Blackertiblackblack

Ik zet ‘t beeld stil precies op de overgang.
Kon je je voorstellen dat dat vroeger kon? Alles onder controle, de wereld overzichtelijk. We waren redelijk onderweg toen de ‘Afstands’ uitgevonden werd. De Remote.
Hoewel ik me afvraag of ze toen al wisten dat, ‘ze/hún’ van de productielijn & de daarvoor verantwoordelijken van de denktank, dergelijke mogelijkheden wel in ‘t verschiet lagen. Je knijpt ertussenuit & je weet dat je morgen op jouw commando opnieuw mag beginnen. Dat jouw wil democratisch is geworden, hoewel slechts een democratie van 1 tegenover een menigte van makers.
Jij bent waar ‘t begint of stopt, zij zijn afhankelijk van waar je beslist uit de lijn te stappen. Zij hebben er films over gemaakt (I am mad as hell and I am not gonna take it anymore), ze waren vergeten dat er navolging zou komen. Maar ja, ze hadden toen de techniek nog niet achter zich staan. Hooguit de productielijn, daar waar ‘t vertellen was begonnen, om van zo’n mogelijkheid gewag te maken.

Ik ben dus daar, op de grens van zo’n mogelijkheid, dat ik dat denk. Ik stel me namelijk voor dat ik kan bepalen dat ik ‘t beeld kan vinden die de leegte tussen de ene scene & de die daarop volgend kan vinden. Op ‘t nulpunt: we herbeginnen.
Ik ben volledig zwart. Kijk: ‘t beeld heeft me begrepen, want ik heb ‘m vast. In ‘t diepst…
Geen heden, niets wat voorbij komt, wat later evenmin.

Ik gebruik mijn spatieknop daar tegenwoordig voor. Hij is lekker dicht bij de hand. Moet ik mee oppassen, want 2 beeldschermen, 2 spatieknoppen. Ze kunnen convergeren. Beeldafhankelijk wat er te behapstukken valt.
Maar ik heb in ieder geval geen gezelschap, familie zo men wil, die strijd wil maken over de Remote.
Ik heb ‘m zwart, zo zwart heb ik ‘t zelden gezien. & Dat heeft me ontwaakt.

Ik doe een gebedje, neem er een Maria in mee, zoals Moeder me heeft geleerd, & duik weer diep. Zo ben ik van plan, maar morgen zal ik wel zien of ik écht koppie-onder ben gegaan.
‘t Zal wel eindigen in een zoetgevooisde kussen die me morgenochtend bij ‘t klaren van de hemel toespreekt.

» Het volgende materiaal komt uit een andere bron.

lemma emeasure_CT_eq_pmf: "emeasure M {\<omega> \<in> space M. CT n \<omega> = lk} = pmf Q lk"
proof -
  have "CT n \<in> measurable M (count_space UNIV)"
    using CT_measurable_sigma_of[of n "{Inr n}"] by (simp add: measurable_sigma_of_M)
  then have "emeasure M (CT n -` {lk} \<inter> space M) = emeasure (measure_pmf Q) {lk}"
    by (simp add: emeasure_distr flip: distr_CT[of n])
  moreover have "{\<omega> \<in> space M. CT n \<omega> = lk} = CT n -` {lk} \<inter> space M"
    by auto
  ultimately show ?thesis
    by (simp add: emeasure_pmf_single)
qed

lemma emeasure_sum_X_eq_sum_iid:
  "emeasure M {\<omega> \<in> space M. (\<Sum>i\<in>{1..z}. g (X k i v \<omega>)) = y} =
    pmf (sum_iid (map_pmf g (Xlaw k)) z) y"
proof (induction z arbitrary: y)
  case 0
  then show ?case by (auto simp: pmf_return indicator_def emeasure_space_1)
next
  case (Suc z)
  let ?S = "{Inl (k, Suc z, v)}" and ?T = "{Inl (k, i, v) | i. i \<in> {1..z}}"
  have f: "(\<lambda>\<omega>. g (X k (Suc z) v \<omega>)) \<in> measurable (sigma_of ?S) (count_space UNIV)"
    by (rule X_measurable_sigma_of) simp
  have h: "(\<lambda>\<omega>. \<Sum>i\<in>{1..z}. g (X k i v \<omega>)) \<in> measurable (sigma_of ?T) (count_space UNIV)"
    by (intro measurable_count_space_sum X_measurable_sigma_of) blast+
  have "emeasure M {\<omega> \<in> space M. g (X k (Suc z) v \<omega>) + (\<Sum>i\<in>{1..z}. g (X k i v \<omega>)) = y}
      = pmf (sum_iid (map_pmf g (Xlaw k)) (Suc z)) y"
    using emeasure_add_eq_pmf_bind[OF _ f h emeasure_X_eq_pmf Suc.IH] by simp
  then show ?case by (simp add: add.commute)
qed

definition past :: "nat \<Rightarrow> ((nat \<times> nat \<times> nat list) + nat) set" where
  "past n = {Inl (k, i, v) | k i v. length v < n} \<union> {Inr m | m. m < n}"

lemma spineV_spineZ_measurable_past:
  "m \<le> n \<Longrightarrow> spineV CT m \<in> measurable (sigma_of (past n)) (count_space UNIV) \<and>
     spineZ z0 X CT m \<in> measurable (sigma_of (past n)) (count_space UNIV)"
proof (induction m)
  case 0
  have "spineV CT 0 = (\<lambda>_. [])" "spineZ z0 X CT 0 = (\<lambda>_. z0)" by auto
  then show ?case by simp
next
  case (Suc m)
  let ?N = "sigma_of (past n)"
  have V: "spineV CT m \<in> measurable ?N (count_space UNIV)"
    and Z: "spineZ z0 X CT m \<in> measurable ?N (count_space UNIV)"
    using Suc by auto
  have C: "CT m \<in> measurable ?N (count_space UNIV)"
    using Suc.prems by (intro CT_measurable_sigma_of) (simp add: past_def)
  have V': "(\<lambda>\<omega>. spineV CT m \<omega> @ [fst (CT m \<omega>)]) \<in> measurable ?N (count_space UNIV)"
    using measurable_count_space_comp[OF measurable_count_space_Pair[OF V C],
        of "\<lambda>(v, c). v @ [fst c]"] by simp
  define I :: "(nat \<times> (nat \<times> nat) \<times> nat list) set" where "I = {(z, c, v). length v = m}"
  have G: "(\<lambda>\<omega>. (spineZ z0 X CT m \<omega>, CT m \<omega>, spineV CT m \<omega>)) \<in> measurable ?N (count_space I)"
    using measurable_count_space_Pair[OF Z measurable_count_space_Pair[OF C V]]
    by (simp add: measurable_count_space_eq2_countable I_def Pi_iff length_spineV)
  have F: "(\<lambda>\<omega>. case t of (z, (l, k), v) \<Rightarrow> \<Sum>i\<in>{1..z}. xcomp (X k i v \<omega>) l)
      \<in> measurable ?N (count_space UNIV)" if "t \<in> I" for t
    using that Suc.prems
    by (auto simp: I_def past_def intro!: measurable_count_space_sum X_measurable_sigma_of)
  have "(\<lambda>\<omega>. case (spineZ z0 X CT m \<omega>, CT m \<omega>, spineV CT m \<omega>) of (z, (l, k), v) \<Rightarrow>
      \<Sum>i\<in>{1..z}. xcomp (X k i v \<omega>) l) \<in> measurable ?N (count_space UNIV)"
    by (rule measurable_compose_countable'[OF F G countableI_type])
  with V' show ?case by (simp add: case_prod_beta)
qed

definition spine_path :: "nat \<Rightarrow> nat \<Rightarrow> 'a \<Rightarrow> nat list" where
  "spine_path z0 n \<omega> = map (\<lambda>m. spineZ z0 X CT m \<omega>) [0..<Suc n]"

lemma spine_path_measurable_past:
  "spine_path z0 n \<in> measurable (sigma_of (past n)) (count_space UNIV)"
  unfolding spine_path_def[abs_def]
  by (rule measurable_count_space_map) (use spineV_spineZ_measurable_past in auto)

lemma sets_spine_path_spineV:
  "{\<omega> \<in> space M. spine_path z0 n \<omega> = zs \<and> spineV CT n \<omega> = v} \<in> sets (sigma_of (past n))"
proof -
  have "(\<lambda>\<omega>. (spine_path z0 n \<omega>, spineV CT n \<omega>)) \<in> measurable (sigma_of (past n)) (count_space UNIV)"
    using spineV_spineZ_measurable_past[of n n]
    by (intro measurable_count_space_Pair spine_path_measurable_past) auto
  from sets_Collect_count_space[OF this, of "\<lambda>(p, w). p = zs \<and> w = v"] show ?thesis
    by simp
qed

lemma emeasure_spine_step:
  "emeasure M {\<omega> \<in> space M. spine_path z0 n \<omega> = zs \<and> spineV CT n \<omega> = v \<and> CT n \<omega> = (l, k) \<and>
      (\<Sum>i\<in>{1..z}. xcomp (X k i v \<omega>) l) = y} =
    emeasure M {\<omega> \<in> space M. spine_path z0 n \<omega> = zs \<and> spineV CT n \<omega> = v} *
      pmf Q (l, k) * pmf (sum_iid (marg Xlaw l k) z) y"
proof (cases "length v = n")
  case False
  then have "spineV CT n \<omega> \<noteq> v" for \<omega>
    using length_spineV[of CT n \<omega>] by auto
  then show ?thesis by simp
next
  case True
  define A where "A = {\<omega> \<in> space M. spine_path z0 n \<omega> = zs \<and> spineV CT n \<omega> = v}"
  define B where "B = {\<omega> \<in> space M. CT n \<omega> = (l, k)}"
  define C where "C = {\<omega> \<in> space M. (\<Sum>i\<in>{1..z}. xcomp (X k i v \<omega>) l) = y}"
  let ?Inl = "{Inl (k, i, v) | i. True}"
  have A: "A \<in> sets (sigma_of (past n))"
    unfolding A_def by (rule sets_spine_path_spineV)
  have B: "B \<in> sets (sigma_of {Inr n})"
    using sets_Collect_count_space[OF CT_measurable_sigma_of[of n "{Inr n}"]] by (simp add: B_def)
  have "(\<lambda>\<omega>. \<Sum>i\<in>{1..z}. xcomp (X k i v \<omega>) l) \<in> measurable (sigma_of ?Inl) (count_space UNIV)"
    by (intro measurable_count_space_sum X_measurable_sigma_of) blast+
  from sets_Collect_count_space[OF this] have C: "C \<in> sets (sigma_of ?Inl)"
    by (simp add: C_def)
  have BC: "B \<inter> C \<in> sets (sigma_of ({Inr n} \<union> ?Inl))"
    using subsetD[OF sets_sigma_of_mono[OF Un_upper1] B]
      subsetD[OF sets_sigma_of_mono[OF Un_upper2] C]
    by (rule sets.Int)
  (* V_n = v and the path up to n depend on past n only, while CT n and the offspring vectors of
     the cell v of depth n do not belong to it. *)
  have "past n \<inter> ({Inr n} \<union> ?Inl) = {}"
    using True by (auto simp: past_def)
  from indep_sigma_of[OF this A BC] indep_sigma_of[OF _ B C]
  have "emeasure M (A \<inter> (B \<inter> C)) = emeasure M A * (emeasure M B * emeasure M C)"
    by simp
  moreover have "emeasure M C = pmf (sum_iid (marg Xlaw l k) z) y"
    using emeasure_sum_X_eq_sum_iid[of "\<lambda>xs. xcomp xs l"] by (simp add: C_def marg_def)
  moreover have "A \<inter> (B \<inter> C) = {\<omega> \<in> space M. spine_path z0 n \<omega> = zs \<and> spineV CT n \<omega> = v \<and>
      CT n \<omega> = (l, k) \<and> (\<Sum>i\<in>{1..z}. xcomp (X k i v \<omega>) l) = y}"
    by (auto simp: A_def B_def C_def)
  ultimately show ?thesis
    by (simp add: B_def emeasure_CT_eq_pmf A_def mult.assoc)
qed

lemma ennreal_pmf_bind_env:
  "ennreal (pmf (bind_pmf env (\<lambda>L. sum_iid L z)) y) =
    (\<integral>\<^sup>+(l, k). ennreal (pmf Q (l, k)) * pmf (sum_iid (marg Xlaw l k) z) y \<partial>count_space UNIV)"
proof -
  have "ennreal (pmf (bind_pmf env (\<lambda>L. sum_iid L z)) y) =
      (\<integral>\<^sup>+(l, k). pmf (sum_iid (marg Xlaw l k) z) y \<partial>Q)"
    by (simp add: env_def ennreal_pmf_bind case_prod_beta)
  also have "\<dots> = (\<integral>\<^sup>+lk. ennreal (pmf Q lk) * (case lk of (l, k) \<Rightarrow> pmf (sum_iid (marg Xlaw l k) z) y)
      \<partial>count_space UNIV)"
    by (rule nn_integral_measure_pmf)
  finally show ?thesis
    by (simp add: split_beta')
qed

lemma spine_path_Suc:
  "spine_path z0 (Suc n) \<omega> = spine_path z0 n \<omega> @ [spineZ z0 X CT (Suc n) \<omega>]"
  unfolding spine_path_def by simp

lemma last_spine_path: "last (spine_path z0 n \<omega>) = spineZ z0 X CT n \<omega>"
  unfolding spine_path_def by simp

lemma emeasure_spine_path_snoc:
  "emeasure M {\<omega> \<in> space M. spine_path z0 (Suc n) \<omega> = zs @ [y]} =
    emeasure M {\<omega> \<in> space M. spine_path z0 n \<omega> = zs} * pmf (bind_pmf env (\<lambda>L. sum_iid L (last zs))) y"
proof -
  define A where "A v = {\<omega> \<in> space M. spine_path z0 n \<omega> = zs \<and> spineV CT n \<omega> = v}" for v
  define E where "E v lk = {\<omega> \<in> space M. spine_path z0 n \<omega> = zs \<and> spineV CT n \<omega> = v \<and> CT n \<omega> = lk \<and>
      (\<Sum>i\<in>{1..last zs}. xcomp (X (snd lk) i v \<omega>) (fst lk)) = y}" for v lk
  have A: "A v \<in> sets M" for v
    using sets_spine_path_spineV sets_sigma_of_subset unfolding A_def by blast
  have E: "E v lk \<in> sets M" for v lk
  proof -
    have "(\<lambda>\<omega>. (CT n \<omega>, \<Sum>i\<in>{1..last zs}. xcomp (X (snd lk) i v \<omega>) (fst lk)))
        \<in> measurable (sigma_of UNIV) (count_space UNIV)"
      by (intro measurable_count_space_Pair measurable_count_space_sum CT_measurable_sigma_of
          X_measurable_sigma_of) simp_all
    from sets_Collect_count_space[OF this, of "\<lambda>(c, s). c = lk \<and> s = y"]
    have "{\<omega> \<in> space M. CT n \<omega> = lk \<and> (\<Sum>i\<in>{1..last zs}. xcomp (X (snd lk) i v \<omega>) (fst lk)) = y}
        \<in> sets M"
      using sets_sigma_of_subset by auto
    moreover have "E v lk = A v \<inter> {\<omega> \<in> space M. CT n \<omega> = lk \<and>
        (\<Sum>i\<in>{1..last zs}. xcomp (X (snd lk) i v \<omega>) (fst lk)) = y}"
      by (auto simp: A_def E_def)
    ultimately show ?thesis
      using A by simp
  qed
  have E_eq: "emeasure M (E v lk) = emeasure M (A v) * pmf Q lk *
      pmf (sum_iid (marg Xlaw (fst lk) (snd lk)) (last zs)) y" for v lk
    by (cases lk) (simp only: E_def A_def fst_conv snd_conv emeasure_spine_step)
  have "{\<omega> \<in> space M. spine_path z0 (Suc n) \<omega> = zs @ [y]} = (\<Union>v. \<Union>lk. E v lk)"
    by (auto simp: E_def spine_path_Suc simp flip: last_spine_path)
  also have "emeasure M \<dots> = (\<integral>\<^sup>+v. emeasure M (\<Union>lk. E v lk) \<partial>count_space UNIV)"
    using E by (intro emeasure_UN_countable) (auto simp: disjoint_family_on_def E_def)
  also have "\<dots> = (\<integral>\<^sup>+v. \<integral>\<^sup>+lk. emeasure M (E v lk) \<partial>count_space UNIV \<partial>count_space UNIV)"
    using E by (intro nn_integral_cong emeasure_UN_countable) (auto simp: disjoint_family_on_def E_def)
  also have "\<dots> = (\<integral>\<^sup>+v. emeasure M (A v) * pmf (bind_pmf env (\<lambda>L. sum_iid L (last zs))) y
      \<partial>count_space UNIV)"
    by (simp add: E_eq ennreal_pmf_bind_env split_beta' mult.assoc nn_integral_cmult)
  also have "\<dots> = (\<integral>\<^sup>+v. emeasure M (A v) \<partial>count_space UNIV) *
      pmf (bind_pmf env (\<lambda>L. sum_iid L (last zs))) y"
    by (rule nn_integral_multc) simp
  also have "(\<integral>\<^sup>+v. emeasure M (A v) \<partial>count_space UNIV) = emeasure M (\<Union>v. A v)"
    using A by (intro emeasure_UN_countable[symmetric]) (auto simp: disjoint_family_on_def A_def)
  also have "(\<Union>v. A v) = {\<omega> \<in> space M. spine_path z0 n \<omega> = zs}"
    by (auto simp: A_def)
  finally show ?thesis .
qed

Nog 2 handelingen voor ‘t echt zwart ziet in Zijperspace.

Elke-dag

Elke dag sta ik op ‘t punt te beginnen.
Ik hoef slechts m’n toetsenbord te beroeren. Flink roeren. Een hussel maken, zodat ‘t goede vanzelf boven komt. Niet geduldig zijn, maar alles laten gaan.
Zoals m’n buuv die me nu daarin stoort door ‘tzelfde te doen, recht in de pispot pissend. Laat ‘t gaan, ongestoord. ‘t Was me al opgevallen toen we als kind een nette buurvrouw hadden die blijkbaar ook af & toe haar panty plus al ‘t andere naar beneden trok waar de familie, die van ons, ‘t voor de rest niet kon zien. Of man & zoon. Dat je je niet voor kon stellen dat de panty, die ze altijd droeg onder haar wollen deken van de geringe variatie aan kniehoogrokjes, ooit plakkend naar niet plakkend aan haar benen konden voortbestaan. Zij knieën had, hielen ook, waar vlak boven alles bleef hangen wat anders daar hoog boven verheven was.
& Ik voelde me misselijk als ik daar aan dacht. Want dat doet een kind niet. Van sommige denksels moest je afblijven. Denksels die de muren van de buren overtraden. Ik wist inmiddels hoe dik die waren. Slechts 2 verticale lagen dik, een stukje lucht ertussen.
Vleermuisvriendelijk, zou ik nu denken.
Terwijl ik me nu druk zou moeten maken dat ik dat niet van buurvrouwen mag denken. Ook niet m’n huidige, of juist niet. Moeder inmiddels zoals mijn moeder toen was. Waar alles inmiddels naturel ging. & Er later achter komen dat alle vrouwen dat naturel deden. Zelfs de beste vriendinnen. De vriendinnen vooral die de deur open lieten staan om ‘t gesprek door te laten gaan, geen moment verliezend voort te zetten. ‘t Leven was bijzonder genoeg om er niet genoeg over te praten. Een dikke straal was ‘t bewijs er van. Uit mond, zelfs uit kont. Een binnenrijm dat op een gegeven moment vanzelfsprekend wordt.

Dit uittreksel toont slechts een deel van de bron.